Step 2 — Map Your Query Workload

Classify your actual access patterns into three profiles before writing a single byte:

Full-table scan: load all rows without spatial or attribute filters — measures raw decode throughput.
Spatial bounding-box filter: query a 10 km × 10 km window — tests spatial index efficiency.
Attribute predicate pushdown: filter on a categorical column such as building_type = 'residential' — evaluates column pruning and dictionary encoding benefits.
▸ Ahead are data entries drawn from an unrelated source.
lemma eigenvectors_basis2:
  assumes x: "\<And>a. (\<Sum>b\<in>UNIV. w a b * x b) = x a" and y: "\<And>a. (\<Sum>b\<in>UNIV. w a b * y b) = - y a"
    and "\<exists>t. x t \<noteq> 0" "\<exists>t. y t \<noteq> 0"
  shows "basis2 x y"
  unfolding basis2_def
proof (intro allI impI)
  fix \<alpha> \<beta> :: complex
  assume dep: "\<forall>t. \<alpha> * x t + \<beta> * y t = 0"
  have "\<alpha> * x a - \<beta> * y a = 0" for a
  proof -
    have "\<alpha> * x a - \<beta> * y a = \<alpha> * (\<Sum>b\<in>UNIV. w a b * x b) + \<beta> * (\<Sum>b\<in>UNIV. w a b * y b)"
      by (simp add: x y)
    also have "\<dots> = (\<Sum>b\<in>UNIV. w a b * (\<alpha> * x b + \<beta> * y b))"
      by (simp add: sum_UNIV_bool algebra_simps)
    finally show ?thesis
      using dep by simp
  qed
  moreover have "2 * (\<alpha> * x a) = (\<alpha> * x a + \<beta> * y a) + (\<alpha> * x a - \<beta> * y a)" for a
    by (simp add: algebra_simps)
  ultimately have "\<alpha> * x a = 0" for a
    using dep by (metis add_0 mult_eq_0_iff zero_neq_numeral)
  moreover obtain s t where "x s \<noteq> 0" "y t \<noteq> 0"
    using assms(3,4) by blast
  ultimately have "\<alpha> = 0"
    by (metis mult_eq_0_iff)
  then show "\<alpha> = 0 \<and> \<beta> = 0"
    using dep[rule_format, of t] \<open>y t \<noteq> 0\<close> by simp
qed

lemma parity_eigenbasis_of_basis:
  assumes "\<forall>i<n. basis2 (e i False) (e i True)"
  shows "reflection_sys n (\<lambda>i. reflection_of_basis (e i False) (e i True))"
    and "parity_eigenbasis n (\<lambda>i. reflection_of_basis (e i False) (e i True)) e"
proof -
  have "(if c then e i True else e i False) = e i c" for i c by simp
  then show "reflection_sys n (\<lambda>i. reflection_of_basis (e i False) (e i True))"
    "parity_eigenbasis n (\<lambda>i. reflection_of_basis (e i False) (e i True)) e"
    using assms reflection_of_basis
    by (auto simp: reflection_sys_def parity_eigenbasis_def all_bool_eq)
qed

lemma parity_eigenbasis_of_reflection_sys:
  assumes "reflection_sys n v"
  shows "parity_eigenbasis n v (\<lambda>i c. eigvec (v i) (if c then -1 else 1))"
  unfolding parity_eigenbasis_def
proof (intro allI impI conjI)
  fix i assume "i < n"
  then have w: "reflection (v i)"
    using assms by (simp add: reflection_sys_def)
  have eig: "(\<Sum>b\<in>UNIV. v i a b * eigvec (v i) s b) = s * eigvec (v i) s a" if "s * s = 1" for a s
    using reflection_eigvec[OF w that] .
  show "basis2 (eigvec (v i) (if False then -1 else 1)) (eigvec (v i) (if True then -1 else 1))"
    using eig[of 1] eig[of "-1"] eigvec_nonzero[OF w, of 1] eigvec_nonzero[OF w, of "-1"]
    by (auto intro!: eigenvectors_basis2[of "v i"])
  show "(\<Sum>b\<in>UNIV. v i a b * eigvec (v i) (if c then -1 else 1) b)
      = (if c then -1 else 1) * eigvec (v i) (if c then -1 else 1) a" for a c
    using eig by simp
qed

lemma X_state_iff_parity_conj_fixed:
  assumes \<rho>: "\<rho> \<in> Lset n"
  shows "X_state n \<rho> \<longleftrightarrow> (\<exists>v. reflection_sys n v \<and> parity_conj n v \<rho> = \<rho>)"
proof
  assume "X_state n \<rho>"
  then obtain e where e: "\<forall>i<n. basis2 (e i False) (e i True)"
    and block: "\<forall>\<phi>\<in>idx n. \<exists>c. opapp n \<rho> (etens n e \<phi>) =
                  (\<lambda>xs. \<Sum>\<psi>\<in>{\<psi>\<in>idx n. parity \<psi> = parity \<phi>}. c \<psi> * etens n e \<psi> xs)"
    unfolding X_state_def by blast
  show "\<exists>v. reflection_sys n v \<and> parity_conj n v \<rho> = \<rho>"
    using parity_eigenbasis_of_basis[OF e] parity_conj_fixed_if_block_diag[OF _ \<rho> block] by blast
next
  assume "\<exists>v. reflection_sys n v \<and> parity_conj n v \<rho> = \<rho>"
  then obtain v where v: "reflection_sys n v" and fixed: "parity_conj n v \<rho> = \<rho>"
    by blast
  define e where "e i c = eigvec (v i) (if c then -1 else 1)" for i c
  have e: "parity_eigenbasis n v e"
    unfolding e_def by (rule parity_eigenbasis_of_reflection_sys[OF v])
  then have "\<forall>i<n. basis2 (e i False) (e i True)"
    by (simp add: parity_eigenbasis_def)
  then show "X_state n \<rho>"
    unfolding X_state_def using block_diag_if_parity_conj_fixed[OF e \<rho> fixed] by blast
qed
lemma longest_path_nonempty:
  assumes "longest_path E V xs" "v \<in> V"
  shows "xs \<noteq> []"
proof -
  have "is_path E V [v]" using assms(2) by (simp add: is_path_def)
  then show ?thesis using assms(1) unfolding longest_path_def by force
qed

lemma longest_path_hd_neighbour:
  assumes "longest_path E V xs" "xs \<noteq> []" "symp E" "u \<in> V" "E (hd xs) u"
  shows "u \<in> set xs"
proof (rule ccontr)
  assume "u \<notin> set xs"
  moreover have "E u (hd xs)" using assms(3,5) by (rule sympD)
  ultimately have "is_path E V (u # xs)"
    using assms(1,2,4) by (simp add: longest_path_def is_path_def successively_Cons)
  then show False using assms(1) unfolding longest_path_def by (meson impossible_Cons)
qed

lemma successively_converse_symp: "symp E \<Longrightarrow> successively E xs \<Longrightarrow> successively (\<lambda>x y. E y x) xs"
  by (erule successively_mono) (auto dest: sympD)

lemma is_path_rotate:
  assumes "symp E" "is_path E V (P1 @ P2)" "a \<in> V - set (P1 @ P2)" "P1 \<noteq> []" "P2 \<noteq> []"
    "E a (last P1)" "E (hd P1) (hd P2)"
  shows "is_path E V (a # rev P1 @ P2)"
  using assms by (auto simp: is_path_def successively_append_iff successively_Cons hd_rev last_rev
      intro: successively_converse_symp)

lemma is_path_insert:
  assumes "is_path E V (P1 @ P2)" "a \<in> V - set (P1 @ P2)" "P1 \<noteq> []" "P2 \<noteq> []"
    "E (last P1) a" "E a (hd P2)"
  shows "is_path E V (P1 @ a # P2)"
  using assms by (auto simp: is_path_def successively_append_iff successively_Cons)
(* Let $\alpha\in[0,1)$, let $n\geq f(\alpha)$, and let $s$ be an integer with $2\leq s\leq\frac{n-2}{3}$. Then $\rho_{\alpha}\big(K_s\vee(K_{n-3s}\cup 2sK_1)\big)<\eta(n)$. (For $s=1$ one has $\rho_{\alpha}(K_1\vee(K_{n-3}\cup 2K_1))=\eta(n)$.)
   Context: For a graph $G$, $A_{\alpha}(G)=\alpha D(G)+(1-\alpha)A(G)$ where $D(G)$ is the diagonal degree matrix and $A(G)$ the adjacency matrix, and $\rho_{\alpha}(G)$ is the largest eigenvalue of $A_{\alpha}(G)$. $\vee$ denotes join, $\cup$ disjoint union, $K_m$ the complete graph on $m$ vertices, $tK_1$ the edgeless graph on $t$ vertices. Define $f(\alpha)=14$ if $\alpha\in[0,\frac12]$, $f(\alpha)=17$ if $\alpha\in(\frac12,\frac23]$, $f(\alpha)=20$ if $\alpha\in(\frac23,\frac34]$, and $f(\alpha)=\frac{5}{1-\alpha}+1$ if $\alpha\in(\frac34,1)$. $\eta(n)$ is the largest root of $x^{3}-((\alpha+1)n+\alpha-4)x^{2}+(\alpha n^{2}+(\alpha^{2}-2\alpha-1)n-2\alpha+1)x-\alpha^{2}n^{2}+(5\alpha^{2}-3\alpha+2)n-10\alpha^{2}+15\alpha-8=0$. *)

theory Defs
  imports "Jordan_Normal_Form.Char_Poly"
begin

text \<open>A (simple) graph on the vertex set {0..<n}, given by its order and a symmetric,
  irreflexive adjacency predicate (only its values on {0..<n} matter).\<close>
type_synonym graph = "nat \<times> (nat \<Rightarrow> nat \<Rightarrow> bool)"

definition complete_graph :: "nat \<Rightarrow> graph" where
  "complete_graph m = (m, \<lambda>i j. i \<noteq> j)"

definition edgeless_graph :: "nat \<Rightarrow> graph" where
  "edgeless_graph t = (t, \<lambda>i j. False)"

definition graph_union :: "graph \<Rightarrow> graph \<Rightarrow> graph" where
  "graph_union G H = (fst G + fst H, \<lambda>i j.
     if i < fst G \<and> j < fst G then snd G i j
     else if fst G \<le> i \<and> fst G \<le> j then snd H (i - fst G) (j - fst G)
     else False)"

definition graph_join :: "graph \<Rightarrow> graph \<Rightarrow> graph" where
  "graph_join G H = (fst G + fst H, \<lambda>i j.
     if i < fst G \<and> j < fst G then snd G i j
     else if fst G \<le> i \<and> fst G \<le> j then snd H (i - fst G) (j - fst G)
     else True)"

definition degree :: "graph \<Rightarrow> nat \<Rightarrow> nat" where
  "degree G i = card {j. j < fst G \<and> snd G i j}"

definition A_alpha :: "real \<Rightarrow> graph \<Rightarrow> real mat" where
  "A_alpha \<alpha> G = mat (fst G) (fst G) (\<lambda>(i, j).
     \<alpha> * (if i = j then real (degree G i) else 0)
     + (1 - \<alpha>) * (if snd G i j then 1 else 0))"

definition rho_alpha :: "real \<Rightarrow> graph \<Rightarrow> real" where
  "rho_alpha \<alpha> G = Max {x. eigenvalue (A_alpha \<alpha> G) x}"

definition f_bound :: "real \<Rightarrow> real" where
  "f_bound \<alpha> = (if \<alpha> \<le> 1/2 then 14 else if \<alpha> \<le> 2/3 then 17
                  else if \<alpha> \<le> 3/4 then 20 else 5 / (1 - \<alpha>) + 1)"

definition eta_poly :: "real \<Rightarrow> nat \<Rightarrow> real \<Rightarrow> real" where
  "eta_poly \<alpha> n x = x ^ 3 - ((\<alpha> + 1) * real n + \<alpha> - 4) * x ^ 2
     + (\<alpha> * (real n)^2 + (\<alpha>^2 - 2*\<alpha> - 1) * real n - 2*\<alpha> + 1) * x
     - \<alpha>^2 * (real n)^2 + (5*\<alpha>^2 - 3*\<alpha> + 2) * real n - 10*\<alpha>^2 + 15*\<alpha> - 8"

definition eta :: "real \<Rightarrow> nat \<Rightarrow> real" where
  "eta \<alpha> n = Max {x. eta_poly \<alpha> n x = 0}"

end

theory Submission
  imports Defs
begin

text \<open>The graph \<open>K\<^sub>s \<or> (K\<^sub>m \<union> 2sK\<^sub>1)\<close>, with \<open>m = n - 3s\<close>, carries a positive vector that is
  constant on its three parts and satisfies \<open>A\<^sub>\<alpha> u \<le> (n - 3) u\<close> row by row as soon as
  \<open>(1 - \<alpha>) n \<ge> 5\<close>, which is what \<open>n \<ge> f(\<alpha>)\<close> provides. By the Collatz--Wielandt argument every
  eigenvalue of the nonnegative matrix \<open>A\<^sub>\<alpha>\<close> is then at most \<open>n - 3\<close>. On the other side, the
  cubic defining \<open>\<eta>(n)\<close> is negative at \<open>n - 3\<close> and positive at \<open>n - 1\<close>, so \<open>\<eta>(n) > n - 3\<close>.\<close>

lemma five_le_f_bound:
  assumes "a < 1" shows "5 \<le> (1 - a) * f_bound a"
proof -
  have "(1 - a) * (5 / (1 - a) + 1) = 6 - a" using assms by (simp add: field_simps)
  then show ?thesis using assms by (auto simp: f_bound_def)
qed

lemma abs_eigenvalue_le_of_row_bound:
  fixes A :: "real mat" and u :: "nat \<Rightarrow> real"
  assumes A: "A \<in> carrier_mat N N"
    and nonneg: "\<And>i j. i < N \<Longrightarrow> j < N \<Longrightarrow> 0 \<le> A $$ (i, j)"
    and pos: "\<And>i. i < N \<Longrightarrow> 0 < u i"
    and row: "\<And>i. i < N \<Longrightarrow> (\<Sum>j<N. A $$ (i, j) * u j) \<le> c * u i"
    and "eigenvalue A k"
  shows "\<bar>k\<bar> \<le> c"
proof -
  obtain v where v: "v \<in> carrier_vec N" "v \<noteq> 0\<^sub>v N" "A *\<^sub>v v = k \<cdot>\<^sub>v v"
    using \<open>eigenvalue A k\<close> A unfolding eigenvalue_def eigenvector_def by auto
  obtain j0 where j0: "j0 < N" "v $ j0 \<noteq> 0"
    using v(1,2) by (metis carrier_vecD eq_vecI index_zero_vec)
  define r where "r j = \<bar>v $ j\<bar> / u j" for j
  obtain i where i: "i < N" and r_max: "\<And>j. j < N \<Longrightarrow> r j \<le> r i"
    using Max_in[of "r ` {..<N}"] Max_ge[of "r ` {..<N}"] j0(1)
    by (metis empty_iff finite_imageI finite_lessThan image_eqI imageE lessThan_iff)
  have "0 < r j0" using j0 pos[of j0] by (simp add: r_def)
  with r_max[OF j0(1)] have ri: "0 < r i" by linarith
  have v_le: "\<bar>v $ j\<bar> \<le> r i * u j" if "j < N" for j
    using r_max[OF that] pos[OF that] by (simp add: r_def pos_divide_le_eq)
  have eigen_row: "k * v $ i = (\<Sum>j<N. A $$ (i, j) * v $ j)"
    using arg_cong[OF v(3), of "\<lambda>x. x $ i"] A v(1) i
    by (auto simp: scalar_prod_def atLeast0LessThan)
  have "\<bar>k\<bar> * (r i * u i) = \<bar>k * v $ i\<bar>"
    using pos[OF i] by (simp add: r_def abs_mult)
  also have "\<dots> \<le> (\<Sum>j<N. \<bar>A $$ (i, j) * v $ j\<bar>)"
    unfolding eigen_row by (rule sum_abs)
  also have "\<dots> \<le> (\<Sum>j<N. A $$ (i, j) * (r i * u j))"
    by (intro sum_mono) (use nonneg i v_le in \<open>auto simp: abs_mult intro: mult_left_mono\<close>)
  also have "\<dots> = r i * (\<Sum>j<N. A $$ (i, j) * u j)"
    by (simp add: sum_distrib_left algebra_simps)
  also have "\<dots> \<le> c * (r i * u i)"
    using row[OF i] ri by (simp add: algebra_simps)
  finally show ?thesis
    using ri pos[OF i] by (simp add: mult_le_cancel_right_pos)
qed

lemma A_alpha_carrier: "A_alpha a G \<in> carrier_mat (fst G) (fst G)"
  by (simp add: A_alpha_def)

lemma A_alpha_index:
  "i < fst G \<Longrightarrow> j < fst G \<Longrightarrow> A_alpha a G $$ (i, j) =
     a * (if i = j then real (degree G i) else 0) + (1 - a) * (if snd G i j then 1 else 0)"
  by (simp add: A_alpha_def)

lemma A_alpha_nonneg:
  "0 \<le> a \<Longrightarrow> a \<le> 1 \<Longrightarrow> i < fst G \<Longrightarrow> j < fst G \<Longrightarrow> 0 \<le> A_alpha a G $$ (i, j)"
  by (simp add: A_alpha_index)

lemma A_alpha_row_sum:
  assumes "i < fst G"
  shows "(\<Sum>j<fst G. A_alpha a G $$ (i, j) * u j) =
    a * real (degree G i) * u i + (1 - a) * sum u {j. j < fst G \<and> snd G i j}"
proof -
  have "(\<Sum>j<fst G. A_alpha a G $$ (i, j) * u j) =
      (\<Sum>j<fst G. (if j = i then a * real (degree G i) * u j else 0)
                  + (1 - a) * (if snd G i j then u j else 0))"
    by (intro sum.cong) (use assms in \<open>auto simp: A_alpha_index algebra_simps\<close>)
  also have "\<dots> = a * real (degree G i) * u i + (1 - a) * sum u {j. j < fst G \<and> snd G i j}"
    using assms by (simp add: sum.distrib flip: sum_distrib_left sum.inter_filter)
  finally show ?thesis .
qed

text \<open>Non-adjacent twins \<open>p, q\<close> give the eigenvector \<open>e\<^sub>p - e\<^sub>q\<close>. Over the reals this is how the
  set whose \<open>Max\<close> defines \<open>rho_alpha\<close> is shown to be non-empty.\<close>
lemma eigenvalue_A_alpha_twins:
  assumes pq: "p < fst G" "q < fst G" "p \<noteq> q"
    and row_twin: "\<And>j. j < fst G \<Longrightarrow> snd G p j = snd G q j"
    and col_twin: "\<And>i. i < fst G \<Longrightarrow> snd G i p = snd G i q"
    and "\<not> snd G p q"
  shows "eigenvalue (A_alpha a G) (a * real (degree G p))"
proof -
  let ?N = "fst G" and ?A = "A_alpha a G" and ?k = "a * real (degree G p)"
  define v where "v = vec ?N (\<lambda>j. (if j = p then 1 else 0) - (if j = q then 1 else 0 :: real))"
  have no_loops: "\<not> snd G p p" "\<not> snd G q q" "\<not> snd G q p"
    using row_twin[of p] row_twin[of q] col_twin[of p] \<open>\<not> snd G p q\<close> pq by auto
  have deg: "degree G q = degree G p"
    using row_twin by (simp add: degree_def conj_commute cong: conj_cong)
  have v: "v \<in> carrier_vec ?N" "v \<noteq> 0\<^sub>v ?N"
    using pq by (auto simp: v_def dest!: arg_cong[of _ _ "\<lambda>x. x $ p"])
  have "?A *\<^sub>v v = ?k \<cdot>\<^sub>v v"
  proof (rule eq_vecI)
    fix i assume "i < dim_vec (?k \<cdot>\<^sub>v v)"
    then have i: "i < ?N" by (simp add: v_def)
    have "(?A *\<^sub>v v) $ i = (\<Sum>j<?N. ?A $$ (i, j) * v $ j)"
      using i A_alpha_carrier[of a G] by (simp add: v_def scalar_prod_def atLeast0LessThan)
    also have "\<dots> = ?A $$ (i, p) - ?A $$ (i, q)"
    proof -
      have "(\<Sum>j<?N. ?A $$ (i, j) * v $ j)
          = (\<Sum>j<?N. (if j = p then ?A $$ (i, j) else 0) - (if j = q then ?A $$ (i, j) else 0))"
        by (intro sum.cong) (auto simp: v_def)
      then show ?thesis using pq by (simp add: sum_subtractf)
    qed
    also have "\<dots> = ?k * v $ i"
      using i pq no_loops deg col_twin[OF i] by (cases "i = p \<or> i = q") (auto simp: A_alpha_index v_def)
    finally show "(?A *\<^sub>v v) $ i = (?k \<cdot>\<^sub>v v) $ i" using i by (simp add: v_def)
  qed (simp add: v_def A_alpha_def)
  then show ?thesis
    using v A_alpha_carrier[of a G] unfolding eigenvalue_def eigenvector_def by (auto simp: A_alpha_def)
qed

lemma rho_alpha_le_of_row_bound:
  assumes "0 \<le> a" "a \<le> 1"
    and "\<exists>k. eigenvalue (A_alpha a G) k"
    and "\<And>i. i < fst G \<Longrightarrow> 0 < u i"
    and "\<And>i. i < fst G \<Longrightarrow> (\<Sum>j<fst G. A_alpha a G $$ (i, j) * u j) \<le> c * u i"
  shows "rho_alpha a G \<le> c"
proof -
  let ?A = "A_alpha a G"
  have "char_poly ?A \<noteq> 0"
    using degree_monic_char_poly[OF A_alpha_carrier] by (metis coeff_0 zero_neq_one)
  then have "finite {k. eigenvalue ?A k}"
    by (simp add: eigenvalue_root_char_poly[OF A_alpha_carrier] poly_roots_finite)
  moreover have "k \<le> c" if "eigenvalue ?A k" for k
    using abs_eigenvalue_le_of_row_bound[OF A_alpha_carrier A_alpha_nonneg[OF assms(1,2)] assms(4,5) that]
    by (rule abs_le_D1)
  ultimately show ?thesis
    using assms(3) unfolding rho_alpha_def by (subst Max_le_iff) auto
qed

lemma eta_poly_at_n_minus_3:
  "eta_poly a n (real n - 3) = - 2 * (1 - a)^2 - 2 * a * (1 - a) * (real n - 4)"
  unfolding eta_poly_def by (simp add: algebra_simps power2_eq_square power3_eq_cube)

lemma eta_poly_at_n_minus_1:
  "eta_poly a n (real n - 1) = (1 - a) * (2 * (real n)^2 - 2 * real n - 6 - (4 * real n - 10) * a)"
  unfolding eta_poly_def by (simp add: algebra_simps power2_eq_square power3_eq_cube)

lemma finite_eta_poly_roots: "finite {x. eta_poly a n x = 0}"
proof -
  let ?p = "pCons (- (a^2) * (real n)^2 + (5*a^2 - 3*a + 2) * real n - 10*a^2 + 15*a - 8)
             (pCons (a * (real n)^2 + (a^2 - 2*a - 1) * real n - 2*a + 1)
               (pCons (- ((a + 1) * real n + a - 4)) (pCons 1 0)))"
  have "eta_poly a n x = poly ?p x" for x
    by (simp add: eta_poly_def algebra_simps power2_eq_square power3_eq_cube)
  then show ?thesis using poly_roots_finite[of ?p] by simp
qed

lemma eta_gt_n_minus_3:
  assumes "0 \<le> a" "a < 1" "4 \<le> real n"
  shows "real n - 3 < eta a n"
proof -
  have "0 < (1 - a)^2" "0 \<le> 2 * a * (1 - a) * (real n - 4)" using assms by auto
  then have neg: "eta_poly a n (real n - 3) < 0"
    unfolding eta_poly_at_n_minus_3 by linarith
  have "2 * (real n)^2 - 2 * real n - 6 - (4 * real n - 10) * a
      = 2 * (real n - 1) * (real n - 2) + (4 * real n - 10) * (1 - a)"
    by (simp add: algebra_simps power2_eq_square)
  also have "\<dots> > 0" using assms by (intro add_pos_nonneg) auto
  finally have "0 < eta_poly a n (real n - 1)"
    using assms by (simp add: eta_poly_at_n_minus_1)
  moreover have "continuous_on {real n - 3 .. real n - 1} (eta_poly a n)"
    unfolding eta_poly_def by (intro continuous_intros)
  ultimately obtain x where "real n - 3 \<le> x" "eta_poly a n x = 0"
    using IVT'[of "eta_poly a n" "real n - 3" 0 "real n - 1"] neg by auto
  moreover from this neg have "x \<noteq> real n - 3" by auto
  moreover have "x \<le> eta a n"
    unfolding eta_def using finite_eta_poly_roots \<open>eta_poly a n x = 0\<close> by (intro Max_ge) auto
  ultimately show ?thesis by linarith
qed

definition clique_join_graph :: "nat \<Rightarrow> nat \<Rightarrow> nat \<Rightarrow> graph" where
  "clique_join_graph s m t =
     graph_join (complete_graph s) (graph_union (complete_graph m) (edgeless_graph t))"

lemma fst_clique_join_graph [simp]: "fst (clique_join_graph s m t) = s + m + t"
  by (simp add: clique_join_graph_def graph_join_def graph_union_def complete_graph_def
      edgeless_graph_def)

lemma snd_clique_join_graph:
  "snd (clique_join_graph s m t) i j \<longleftrightarrow> i \<noteq> j \<and> (i < s \<or> j < s \<or> i < s + m \<and> j < s + m)"
  by (auto simp: clique_join_graph_def graph_join_def graph_union_def complete_graph_def
      edgeless_graph_def)

lemma neighbours_clique_join_graph:
  fixes s m t :: nat
  shows "i < s \<Longrightarrow>
      {j. j < s + m + t \<and> snd (clique_join_graph s m t) i j} = {..<s + m + t} - {i}"
    and "s \<le> i \<Longrightarrow> i < s + m \<Longrightarrow>
      {j. j < s + m + t \<and> snd (clique_join_graph s m t) i j} = {..<s + m} - {i}"
    and "s + m \<le> i \<Longrightarrow>
      {j. j < s + m + t \<and> snd (clique_join_graph s m t) i j} = {..<s}"
  by (auto simp: snd_clique_join_graph)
Most production workloads are dominated by one profile. Match your benchmark to that profile, not an average. The diagram below maps each query type to the format it favours:

Step 3 — Configure Serialization Parameters

Write identical datasets in both formats under controlled conditions:

For GeoParquet, test snappy, zstd (level 3 and level 6), and lz4 codecs. Tune row group sizing to 50 k–150 k rows per group; smaller groups increase predicate-pushdown efficiency but raise file overhead.
For FlatGeobuf, use the default GDAL-controlled binary packing via pyogrio. The format does not expose a per-file codec selector; compression behaviour is driver-controlled.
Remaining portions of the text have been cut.